The man justified, among other arguments, that conservatives admit that some people, based on religious criteria, are photographed with their heads covered, thus exemplifying the treatment reserved for Catholic nuns. The Institute of Registers and Notaries (IRN) denied the request.
Under the pretext of being discriminated against because of his “religious belief”, the man filed a complaint with the “Yellow Book”, intended for the public sector, and the Advisory Council was also called to comment on the case.
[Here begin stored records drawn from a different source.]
lemma ker_image_dsum:
  fixes A B X Y :: "'a::field mat"
  assumes A: "A \<in> carrier_mat m n" and B: "B \<in> carrier_mat m0 n"
    and X: "X \<in> carrier_mat m' n'" and Y: "Y \<in> carrier_mat m0' n'"
  shows "ker_image (dsum A X) (dsum B Y) = block_set m m' (ker_image A B) (ker_image X Y)"
proof (intro equalityI subsetI)
  note K = mat_kernel_dsum[OF B Y]
  fix w assume "w \<in> ker_image (dsum A X) (dsum B Y)"
  then obtain x where x: "x \<in> mat_kernel (dsum B Y)" and w: "w = dsum A X *\<^sub>v x"
    unfolding ker_image_def by auto
  have "x \<in> carrier_vec (n + n')" "vec_first x n \<in> mat_kernel B" "vec_last x n' \<in> mat_kernel Y"
    using x unfolding K block_set_def by auto
  then show "w \<in> block_set m m' (ker_image A B) (ker_image X Y)"
    using w dsum_mult_vec[OF A X] A X unfolding ker_image_def
    by (auto simp: append_in_block_set_iff)
next
  note K = mat_kernel_dsum[OF B Y]
  fix w assume "w \<in> block_set m m' (ker_image A B) (ker_image X Y)"
  then have w: "w \<in> carrier_vec (m + m')" and "vec_first w m \<in> ker_image A B"
    and "vec_last w m' \<in> ker_image X Y" unfolding block_set_def by auto
  then obtain a b where a: "a \<in> mat_kernel B" "vec_first w m = A *\<^sub>v a"
    and b: "b \<in> mat_kernel Y" "vec_last w m' = X *\<^sub>v b" unfolding ker_image_def by auto
  have ab: "a \<in> carrier_vec n" "b \<in> carrier_vec n'" using a b B Y mat_kernelD by blast+
  then have "a @\<^sub>v b \<in> mat_kernel (dsum B Y)" using a b unfolding K by (simp add: append_in_block_set_iff)
  moreover have "dsum A X *\<^sub>v (a @\<^sub>v b) = w"
    using dsum_mult_append_vec[OF A X ab] a b w by (metis vec_first_last_append)
  ultimately show "w \<in> ker_image (dsum A X) (dsum B Y)" unfolding ker_image_def by (metis image_eqI)
qed

lemma quot_basis_dsum:
  fixes U U' :: "'a::field mat"
  assumes U: "U \<in> carrier_mat n k" and U': "U' \<in> carrier_mat n' k'"
    and qU: "quot_basis K U" and qU': "quot_basis K' U'"
  shows "quot_basis (block_set n n' K K') (dsum U U')"
proof -
  have UU: "dim_row (dsum U U') = n + n'" "dim_col (dsum U U') = k + k'"
    using dsum_carrier[OF U U'] by auto
  show ?thesis unfolding quot_basis_def UU
  proof (intro conjI ballI impI)
    fix c :: "'a vec" assume c: "c \<in> carrier_vec (k + k')"
      and "dsum U U' *\<^sub>v c \<in> block_set n n' K K'"
    then have "U *\<^sub>v vec_first c k \<in> K" "U' *\<^sub>v vec_last c k' \<in> K'"
      using dsum_mult_vec[OF U U' c] U U' by (auto simp: append_in_block_set_iff)
    then have "vec_first c k = 0\<^sub>v k" "vec_last c k' = 0\<^sub>v k'"
      using quot_basis_indep[OF qU U] quot_basis_indep[OF qU' U'] by auto
    then show "c = 0\<^sub>v (k + k')" using vec_first_last_append[OF c] by (simp add: zero_vec_append)
  next
    fix u :: "'a vec" assume u: "u \<in> carrier_vec (n + n')"
    obtain c1 where c1: "c1 \<in> carrier_vec k" "vec_first u n - U *\<^sub>v c1 \<in> K"
      using quot_basis_span[OF qU U vec_first_carrier] by blast
    obtain c2 where c2: "c2 \<in> carrier_vec k'" "vec_last u n' - U' *\<^sub>v c2 \<in> K'"
      using quot_basis_span[OF qU' U' vec_last_carrier] by blast
    have "u - dsum U U' *\<^sub>v (c1 @\<^sub>v c2) =
        (vec_first u n @\<^sub>v vec_last u n') - ((U *\<^sub>v c1) @\<^sub>v (U' *\<^sub>v c2))"
      unfolding dsum_mult_append_vec[OF U U' c1(1) c2(1)] vec_first_last_append[OF u] ..
    also have "\<dots> = (vec_first u n - U *\<^sub>v c1) @\<^sub>v (vec_last u n' - U' *\<^sub>v c2)"
      using U U' c1 c2 by (intro append_vec_minus[of _ n _ _ n']) auto
    finally show "\<exists>c\<in>carrier_vec (k + k'). u - dsum U U' *\<^sub>v c \<in> block_set n n' K K'"
      using c1 c2 U U' by (intro bexI[of _ "c1 @\<^sub>v c2"]) (auto simp: append_in_block_set_iff)
  qed
qed

lemma mat_cong_dsum:
  fixes P P' :: "'a::field mat"
  assumes P: "P \<in> carrier_mat n k" and P': "P' \<in> carrier_mat n' k'"
    and PQ: "mat_cong K P Q" and PQ': "mat_cong K' P' Q'"
  shows "mat_cong (block_set n n' K K') (dsum P P') (dsum Q Q')"
proof -
  have Q: "Q \<in> carrier_mat n k" and Q': "Q' \<in> carrier_mat n' k'"
    using mat_cong_carrier[OF PQ P] mat_cong_carrier[OF PQ' P'] .
  have "dsum P P' *\<^sub>v c - dsum Q Q' *\<^sub>v c \<in> block_set n n' K K'" if c: "c \<in> carrier_vec (k + k')" for c
  proof -
    have "dsum P P' *\<^sub>v c - dsum Q Q' *\<^sub>v c =
        (P *\<^sub>v vec_first c k - Q *\<^sub>v vec_first c k) @\<^sub>v (P' *\<^sub>v vec_last c k' - Q' *\<^sub>v vec_last c k')"
      unfolding dsum_mult_vec[OF P P' c] dsum_mult_vec[OF Q Q' c]
      using P Q P' Q' by (intro append_vec_minus[of _ n _ _ n']) auto
    moreover have "P *\<^sub>v vec_first c k - Q *\<^sub>v vec_first c k \<in> K"
      "P' *\<^sub>v vec_last c k' - Q' *\<^sub>v vec_last c k' \<in> K'"
      using PQ PQ' P P' unfolding mat_cong_def by auto
    ultimately show ?thesis using P Q P' Q' by (simp add: append_in_block_set_iff)
  qed
  then show ?thesis using dsum_carrier[OF P P'] dsum_carrier[OF Q Q'] unfolding mat_cong_def by auto
qed

lemma induced_pair_dsum:
  fixes A X :: "'a::field mat"
  assumes d: "induced_pair m n A B U V A2 B2" and d': "induced_pair m' n' X Y U' V' X2 Y2"
  shows "induced_pair (m + m') (n + n') (dsum A X) (dsum B Y) (dsum U U') (dsum V V')
           (dsum A2 X2) (dsum B2 Y2)"
proof -
  define k l k' l' where "k = dim_col U" and "l = dim_col V" and "k' = dim_col U'" and "l' = dim_col V'"
  from d have A: "A \<in> carrier_mat m n" and B: "B \<in> carrier_mat m n" and U: "U \<in> carrier_mat n k"
    and V: "V \<in> carrier_mat m l" and A2: "A2 \<in> carrier_mat l k" and B2: "B2 \<in> carrier_mat l k"
    and qU: "quot_basis (mat_kernel B) U" and qV: "quot_basis (ker_image A B) V"
    and AU: "mat_cong (ker_image A B) (A * U) (V * A2)"
    and BU: "mat_cong (ker_image A B) (B * U) (V * B2)"
    unfolding induced_pair_def k_def l_def by auto
  from d' have X: "X \<in> carrier_mat m' n'" and Y: "Y \<in> carrier_mat m' n'" and U': "U' \<in> carrier_mat n' k'"
    and V': "V' \<in> carrier_mat m' l'" and X2: "X2 \<in> carrier_mat l' k'" and Y2: "Y2 \<in> carrier_mat l' k'"
    and qU': "quot_basis (mat_kernel Y) U'" and qV': "quot_basis (ker_image X Y) V'"
    and XU: "mat_cong (ker_image X Y) (X * U') (V' * X2)"
    and YU: "mat_cong (ker_image X Y) (Y * U') (V' * Y2)"
    unfolding induced_pair_def k'_def l'_def by auto
  note K = mat_kernel_dsum[OF B Y] and W = ker_image_dsum[OF A B X Y]
  have "quot_basis (mat_kernel (dsum B Y)) (dsum U U')"
    unfolding K by (rule quot_basis_dsum[OF U U' qU qU'])
  moreover have "quot_basis (ker_image (dsum A X) (dsum B Y)) (dsum V V')"
    unfolding W by (rule quot_basis_dsum[OF V V' qV qV'])
  moreover have "mat_cong (ker_image (dsum A X) (dsum B Y)) (dsum A X * dsum U U') (dsum V V' * dsum A2 X2)"
    unfolding W dsum_mult[OF A X U U'] dsum_mult[OF V V' A2 X2]
    using A U X U' by (intro mat_cong_dsum[OF _ _ AU XU]) auto
  moreover have "mat_cong (ker_image (dsum A X) (dsum B Y)) (dsum B Y * dsum U U') (dsum V V' * dsum B2 Y2)"
    unfolding W dsum_mult[OF B Y U U'] dsum_mult[OF V V' B2 Y2]
    using B U Y U' by (intro mat_cong_dsum[OF _ _ BU YU]) auto
  moreover have "dsum A X \<in> carrier_mat (m + m') (n + n')" "dsum B Y \<in> carrier_mat (m + m') (n + n')"
    "dsum U U' \<in> carrier_mat (n + n') (k + k')" "dsum V V' \<in> carrier_mat (m + m') (l + l')"
    "dsum A2 X2 \<in> carrier_mat (l + l') (k + k')" "dsum B2 Y2 \<in> carrier_mat (l + l') (k + k')"
    using dsum_carrier A X B Y U U' V V' A2 X2 B2 Y2 by blast+
  ultimately show ?thesis unfolding induced_pair_def by simp
qed

section \<open>The summands of a regularizing decomposition\<close>

fun blk_rows :: "blk \<Rightarrow> nat" where
  "blk_rows (IJ k) = k" | "blk_rows (JI k) = k" | "blk_rows (LR k) = k - 1" | "blk_rows (LRT k) = k"

fun blk_cols :: "blk \<Rightarrow> nat" where
  "blk_cols (IJ k) = k" | "blk_cols (JI k) = k" | "blk_cols (LR k) = k" | "blk_cols (LRT k) = k - 1"

lemma LR_blk_dim [simp]:
  "dim_row (Lblk k) = k - 1" "dim_col (Lblk k) = k" "dim_row (Rblk k) = k - 1" "dim_col (Rblk k) = k"
  unfolding Lblk_def Rblk_def by auto

lemma Lblk_carrier: "Lblk k \<in> carrier_mat (k - 1) k" and Rblk_carrier: "Rblk k \<in> carrier_mat (k - 1) k"
  by auto

lemma blk_pair_carrier:
  "fst (blk_pair b :: 'a::field mat \<times> 'a mat) \<in> carrier_mat (blk_rows b) (blk_cols b)"
  "snd (blk_pair b :: 'a::field mat \<times> 'a mat) \<in> carrier_mat (blk_rows b) (blk_cols b)"
  by (cases b; simp add: Jblk_def Lblk_def Rblk_def)+

lemma decomp_pair_snoc:
  "fst (decomp_pair r D (bs @ [b])) = dsum (fst (decomp_pair r D bs)) (fst (blk_pair b))"
  "snd (decomp_pair r D (bs @ [b])) = dsum (snd (decomp_pair r D bs)) (snd (blk_pair b))"
  unfolding decomp_pair_def dsum_pair_def by simp_all

lemma decomp_pair_carrier:
  fixes D :: "'a::field mat"
  assumes D: "D \<in> carrier_mat r r"
  shows "fst (decomp_pair r D bs) \<in> carrier_mat (r + sum_list (map blk_rows bs)) (r + sum_list (map blk_cols bs))"
    "snd (decomp_pair r D bs) \<in> carrier_mat (r + sum_list (map blk_rows bs)) (r + sum_list (map blk_cols bs))"
proof (induction bs rule: rev_induct)
  case Nil
  { case 1 show ?case by (simp add: decomp_pair_def) }
  { case 2 show ?case using D by (simp add: decomp_pair_def) }
next
  case (snoc b bs)
  { case 1 show ?case
      unfolding decomp_pair_snoc using dsum_carrier[OF snoc.IH(1) blk_pair_carrier(1)]
      by (simp add: add.assoc) }
  { case 2 show ?case
      unfolding decomp_pair_snoc using dsum_carrier[OF snoc.IH(2) blk_pair_carrier(2)]
      by (simp add: add.assoc) }
qed
fun iter_ldir_deriv ::
    "(real \<Rightarrow> 'g::topological_group_add) list \<Rightarrow> ('g \<Rightarrow> 'y::locally_convex_space) \<Rightarrow> 'g \<Rightarrow> 'y" where
  "iter_ldir_deriv [] \<phi> = \<phi>"
| "iter_ldir_deriv (X # Xs) \<phi> = ldir_deriv X (iter_ldir_deriv Xs \<phi>)"

definition ldir_deriv_pow ::
    "(real \<Rightarrow> 'g::topological_group_add) \<Rightarrow> nat \<Rightarrow> ('g \<Rightarrow> 'y::locally_convex_space) \<Rightarrow> 'g \<Rightarrow> 'y" where
  "ldir_deriv_pow X j \<phi> = iter_ldir_deriv (replicate j X) \<phi>"

definition LUC_loc :: "('g::topological_group_add \<Rightarrow> 'y::locally_convex_space) set" where
  "LUC_loc = {\<phi>. \<forall>g0. \<exists>V. open V \<and> g0 \<in> V \<and>
      (\<forall>U. open U \<and> 0 \<in> U \<longrightarrow>
        (\<exists>W. open W \<and> 0 \<in> W \<and>
           (\<forall>x\<in>V. \<forall>y\<in>V. - x + y \<in> W \<longrightarrow> \<phi> x - \<phi> y \<in> U)))}"

fun LUCn_loc :: "nat \<Rightarrow> ('g::topological_group_add \<Rightarrow> 'y::locally_convex_space) set" where
  "LUCn_loc 0 = LUC_loc"
| "LUCn_loc (Suc n) = {\<phi>. \<phi> \<in> LUCn_loc n \<and>
      (\<forall>X Xs. X \<in> one_param_subgroups \<and> set Xs \<subseteq> one_param_subgroups \<and> length Xs = n \<longrightarrow>
         (\<forall>g. \<exists>v. has_ldir_deriv (iter_ldir_deriv Xs \<phi>) X g v) \<and>
         iter_ldir_deriv (X # Xs) \<phi> \<in> LUC_loc)}"

definition uniform_tendsto_zero_on ::
    "'g set \<Rightarrow> ('g \<Rightarrow> real \<Rightarrow> 'y::locally_convex_space) \<Rightarrow> bool" where
  "uniform_tendsto_zero_on V f \<longleftrightarrow>
     (\<forall>U. open U \<and> 0 \<in> U \<longrightarrow>
        (\<exists>\<delta>>0. \<forall>g\<in>V. \<forall>t. t \<noteq> 0 \<and> \<bar>t\<bar> < \<delta> \<longrightarrow> f g t \<in> U))"

end

theory Submission
  imports Defs
begin

text \<open>Along a one-parameter subgroup \<open>X\<close>, \<open>s \<mapsto> \<phi> (g + X s)\<close> is a curve in the locally convex space whose
  \<open>j\<close>-th derivative is \<open>(D\<^sub>X\<^sup>j \<phi>) (g + X s)\<close>. Convex neighbourhoods of \<open>0\<close> take the place of
  norms: a mean value inequality shows that difference quotients stay in every open convex set
  containing the derivatives, and Taylor's formula with remainder follows by induction on the
  order, the remainder of order \<open>n\<close> being controlled by the increment of \<open>D\<^sub>X\<^sup>n \<phi>\<close> along \<open>X\<close>.
  Local left uniform continuity of \<open>D\<^sub>X\<^sup>n \<phi>\<close> makes this control uniform near every point, and
  the two-step expansion follows from two first-order expansions, one of them taken at the
  moving point \<open>g + X\<^sub>1 t\<close>.\<close>

lemma open_scaleR_vimage:
  fixes U :: "'y::locally_convex_space set"
  assumes "open U"
  shows "open {x. c *\<^sub>R x \<in> U}"
proof (subst open_subopen, intro ballI)
  fix x assume "x \<in> {x. c *\<^sub>R x \<in> U}"
  then obtain A B where "open B" "x \<in> B" "\<forall>d\<in>A. \<forall>y\<in>B. d *\<^sub>R y \<in> U" "c \<in> A"
    using scaleR_continuous[OF assms] by (metis mem_Collect_eq)
  then show "\<exists>T. open T \<and> x \<in> T \<and> T \<subseteq> {x. c *\<^sub>R x \<in> U}" by blast
qed

lemma convex_scaleR_vimage: "convex D \<Longrightarrow> convex {x. c *\<^sub>R x \<in> D}"
  using convex_linear_vimage[of "\<lambda>x. c *\<^sub>R x" D] by (simp add: linear_scale_self vimage_def)

lemma tendsto_scaleR_left_lcs:
  fixes c :: "'y::locally_convex_space"
  assumes "(a \<longlongrightarrow> \<alpha>) F"
  shows "((\<lambda>x. a x *\<^sub>R c) \<longlongrightarrow> \<alpha> *\<^sub>R c) F"
  unfolding tendsto_def
proof (intro allI impI)
  fix U assume "open U" "\<alpha> *\<^sub>R c \<in> U"
  then obtain A B where "open A" "\<alpha> \<in> A" "c \<in> B" and AB: "\<forall>d\<in>A. \<forall>y\<in>B. d *\<^sub>R y \<in> U"
    by (metis scaleR_continuous)
  have "eventually (\<lambda>x. a x \<in> A) F"
    using assms \<open>open A\<close> \<open>\<alpha> \<in> A\<close> by (rule topological_tendstoD)
  then show "eventually (\<lambda>x. a x *\<^sub>R c \<in> U) F"
    by eventually_elim (use AB \<open>c \<in> B\<close> in blast)
qed

lemma open_convex_nhds_zero_subset:
  fixes U :: "'y::locally_convex_space set"
  assumes "open U" "0 \<in> U"
  obtains D where "open D" "convex D" "0 \<in> D" "D \<subseteq> U"
  using convex_nhds_base[OF assms] unfolding convex_def by blast

lemma convex_scaleR_zero_mem:
  fixes D :: "'a::real_vector set"
  assumes "convex D" "0 \<in> D" "x \<in> D" "0 \<le> c" "c \<le> 1"
  shows "c *\<^sub>R x \<in> D"
  using convexD[OF assms(1,3,2), of c "1 - c"] assms(4,5) by simp

lemma convex_quotient_add:
  fixes x y :: "'a::real_vector"
  assumes "convex K" "a > 0" "b > 0" "(1/a) *\<^sub>R x \<in> K" "(1/b) *\<^sub>R y \<in> K"
  shows "(1/(a+b)) *\<^sub>R (x + y) \<in> K"
proof -
  have "(a/(a+b)) *\<^sub>R ((1/a) *\<^sub>R x) + (b/(a+b)) *\<^sub>R ((1/b) *\<^sub>R y) \<in> K"
    using assms by (intro convexD) (auto simp: add_divide_distrib[symmetric])
  then show ?thesis
    using assms(2,3) by (simp add: scaleR_add_right)
qed

lemma scaleR_quotient_swap:
  fixes x y :: "'a::real_vector"
  shows "(1/(b - a)) *\<^sub>R (y - x) = (1/(a - b)) *\<^sub>R (x - y)"
proof -
  have "1/(a - b) = - (1/(b - a))"
    by (simp add: divide_minus_right[symmetric])
  then show ?thesis
    by (simp add: scaleR_minus_right[symmetric] del: scaleR_minus_right)
qed

definition has_curve_deriv :: "(real \<Rightarrow> 'y::locally_convex_space) \<Rightarrow> 'y \<Rightarrow> real \<Rightarrow> bool" where
  "has_curve_deriv f v s \<longleftrightarrow> ((\<lambda>h. (1/h) *\<^sub>R (f (s + h) - f s)) \<longlongrightarrow> v) (at 0)"

lemma has_curve_deriv_diff:
  "has_curve_deriv f v s \<Longrightarrow> has_curve_deriv g w s \<Longrightarrow> has_curve_deriv (\<lambda>x. f x - g x) (v - w) s"
  unfolding has_curve_deriv_def by (drule (1) tendsto_diff) (simp add: algebra_simps)

lemma has_curve_deriv_sum:
  assumes "\<And>i. i \<in> I \<Longrightarrow> has_curve_deriv (f i) (v i) s"
  shows "has_curve_deriv (\<lambda>x. \<Sum>i\<in>I. f i x) (\<Sum>i\<in>I. v i) s"
proof -
  have "((\<lambda>h. \<Sum>i\<in>I. (1/h) *\<^sub>R (f i (s + h) - f i s)) \<longlongrightarrow> (\<Sum>i\<in>I. v i)) (at 0)"
    using assms unfolding has_curve_deriv_def by (rule tendsto_sum)
  then show ?thesis
    unfolding has_curve_deriv_def by (simp add: sum_subtractf[symmetric] scaleR_sum_right)
qed

lemma has_curve_deriv_scaleR_const:
  fixes c :: "'y::locally_convex_space"
  assumes "(p has_real_derivative p') (at s)"
  shows "has_curve_deriv (\<lambda>x. p x *\<^sub>R c) (p' *\<^sub>R c) s"
proof -
  have "((\<lambda>h. (p (s + h) - p s) / h) \<longlongrightarrow> p') (at 0)"
    using assms by (simp add: DERIV_def)
  from tendsto_scaleR_left_lcs[OF this, of c] show ?thesis
    unfolding has_curve_deriv_def by (simp add: scaleR_diff_left[symmetric])
qed

lemma has_curve_deriv_eventually_in:
  assumes "has_curve_deriv f v s" "open K" "v \<in> K"
  obtains d where "d > 0" "\<And>h. h \<noteq> 0 \<Longrightarrow> \<bar>h\<bar> < d \<Longrightarrow> (1/h) *\<^sub>R (f (s + h) - f s) \<in> K"
proof -
  have "eventually (\<lambda>h. (1/h) *\<^sub>R (f (s + h) - f s) \<in> K) (at 0)"
    using assms unfolding has_curve_deriv_def by (rule topological_tendstoD)
  then show ?thesis
    using that unfolding eventually_at by (auto simp: dist_real_def)
qed
lemma octagonal_euler_identity:
  "octagonal_fps * fps_dilate2 euler_fps = triangular3_fps * euler_fps"
proof -
  have "nat \<bar>k\<bar> \<le> 2 * pentagonal k" "a \<le> 3 * triangle a" for k a
    using abs_le_pentagonal[of k] le_triangle[of a] by linarith+
  then have fib: "finite_fibres octagonal" "finite_fibres (\<lambda>k. 2 * pentagonal k)"
      "finite_fibres (\<lambda>a. 3 * triangle a)" "finite_fibres pentagonal"
    by (auto intro!: finite_fibres_int finite_fibres_nat abs_le_octagonal abs_le_pentagonal)
  have "octagonal_fps * fps_dilate2 euler_fps
      = weighted_fps (\<lambda>(j, k). octagonal j + 2 * pentagonal k) (\<lambda>(j, k). alt_sign j * alt_sign k)"
    by (simp add: octagonal_fps_def euler_fps_def fps_dilate2_weighted_fps weighted_fps_mult fib)
  also have "\<dots> = weighted_fps (\<lambda>(a, l). 3 * triangle a + pentagonal l) (\<lambda>(a, l). 1 * alt_sign l)"
    by (rule weighted_fps_reindex[OF bij_rotate_fold])
      (auto simp: rotate_fold_weight rotate_fold_sign split: prod.split)
  also have "\<dots> = triangular3_fps * euler_fps"
    by (simp add: triangular3_fps_def euler_fps_def weighted_fps_mult fib)
  finally show ?thesis .
qed

lemma octagonal_partition_identity:
  "octagonal_fps * partition_fps = triangular3_fps * fps_dilate2 partition_fps"
proof -
  have inv: "fps_dilate2 euler_fps * fps_dilate2 partition_fps = 1"
    by (simp flip: fps_dilate2_mult add: euler_fps_times_partition_fps fps_dilate2_one)
  have "octagonal_fps * partition_fps
      = octagonal_fps * fps_dilate2 euler_fps * partition_fps * fps_dilate2 partition_fps"
    using inv by (simp add: algebra_simps)
  also have "\<dots> = triangular3_fps * (euler_fps * partition_fps) * fps_dilate2 partition_fps"
    by (simp add: octagonal_euler_identity algebra_simps)
  finally show ?thesis
    by (simp add: euler_fps_times_partition_fps)
qed
lemma quasi_uniformity_subset: "quasi_uniformity X \<U> \<Longrightarrow> U \<in> \<U> \<Longrightarrow> U \<subseteq> X \<times> X"
  unfolding quasi_uniformity_def by (elim conjE) meson

lemma quasi_uniformity_Id_on: "quasi_uniformity X \<U> \<Longrightarrow> U \<in> \<U> \<Longrightarrow> Id_on X \<subseteq> U"
  unfolding quasi_uniformity_def by (elim conjE) meson

lemma quasi_uniformity_upclosed:
  "quasi_uniformity X \<U> \<Longrightarrow> U \<in> \<U> \<Longrightarrow> U \<subseteq> W \<Longrightarrow> W \<subseteq> X \<times> X \<Longrightarrow> W \<in> \<U>"
  unfolding quasi_uniformity_def by (elim conjE) meson

lemma quasi_uniformity_Int: "quasi_uniformity X \<U> \<Longrightarrow> U \<in> \<U> \<Longrightarrow> V \<in> \<U> \<Longrightarrow> U \<inter> V \<in> \<U>"
  unfolding quasi_uniformity_def by (elim conjE) meson

lemma quasi_uniformity_top:
  assumes qu: "quasi_uniformity X \<U>"
  shows "X \<times> X \<in> \<U>"
proof -
  obtain U where "U \<in> \<U>"
    using qu unfolding quasi_uniformity_def by (elim conjE) blast
  then show ?thesis
    using quasi_uniformity_upclosed[OF qu] quasi_uniformity_subset[OF qu] by blast
qed

lemma quasi_uniformityI:
  assumes "\<U> \<noteq> {}"
    and "\<And>U. U \<in> \<U> \<Longrightarrow> Id_on X \<subseteq> U" "\<And>U. U \<in> \<U> \<Longrightarrow> U \<subseteq> X \<times> X"
    and "\<And>U W. U \<in> \<U> \<Longrightarrow> U \<subseteq> W \<Longrightarrow> W \<subseteq> X \<times> X \<Longrightarrow> W \<in> \<U>"
    and "\<And>U V. U \<in> \<U> \<Longrightarrow> V \<in> \<U> \<Longrightarrow> U \<inter> V \<in> \<U>"
    and "\<And>U. U \<in> \<U> \<Longrightarrow> \<exists>V\<in>\<U>. V O V \<subseteq> U"
  shows "quasi_uniformity X \<U>"
  unfolding quasi_uniformity_def using assms by auto

lemma qprox_of_antimono: "\<U> \<subseteq> \<V> \<Longrightarrow> qprox_of \<V> A B \<Longrightarrow> qprox_of \<U> A B"
  unfolding qprox_of_def by blast

definition far_pairs :: "'a set \<Rightarrow> ('a set \<Rightarrow> 'a set \<Rightarrow> bool) \<Rightarrow> ('a set \<times> 'a set) set" where
  "far_pairs X \<delta> = {(A, B). A \<subseteq> X \<and> B \<subseteq> X \<and> \<not> \<delta> A B}"

definition avoiding_entourage :: "'a set \<Rightarrow> ('a set \<times> 'a set) set \<Rightarrow> ('a \<times> 'a) set" where
  "avoiding_entourage X F = X \<times> X - (\<Union>(A, B)\<in>F. A \<times> B)"

definition qu_of_qprox :: "'a set \<Rightarrow> ('a set \<Rightarrow> 'a set \<Rightarrow> bool) \<Rightarrow> ('a \<times> 'a) set set" where
  "qu_of_qprox X \<delta> = {U. U \<subseteq> X \<times> X \<and>
     (\<exists>F. finite F \<and> F \<subseteq> far_pairs X \<delta> \<and> avoiding_entourage X F \<subseteq> U)}"

lemma qprox_classI:
  "quasi_uniformity X \<U> \<Longrightarrow> (\<And>A B. A \<subseteq> X \<Longrightarrow> B \<subseteq> X \<Longrightarrow> qprox_of \<U> A B \<longleftrightarrow> \<delta> A B) \<Longrightarrow>
    \<U> \<in> qprox_class X \<delta>"
  unfolding qprox_class_def by simp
In the 15-page opinion, approved on May 5 this year and to which JN had access, that organ certifies the existence of the movement, also known as the “Church of the Flying Spaghetti Monster”. However, he refuses that this is a “true religion”. This would have been one of the difficulties of the Executive Council: “identifying the existence of a religion to be framed” to legitimize the cover of the tool.
“Pastafarianism does not seem to have enough seriousness and coherence to deserve, as such, to be constitutionally protected”, we read in the IRN document which also mentions that the use of the drying rack to cover the garment appears mainly claimed “at times” specific , as a way for members to “mark” membership in the Church “, but” not corresponding to the usual and repeated way in which their members, or a significant part of them, define themselves in public space “.
Founded by Bobby Henderson in 2005, the movement emerged as a protest against the Kansas School Board’s decision to introduce the teaching of a variant of creationism in schools in that state as an alternative to Darwin’s theory of evolution. Henderson also said that creationism would be as plausible as the idea that there is a flying spaghetti monster, thus becoming the drainer into a religious symbol.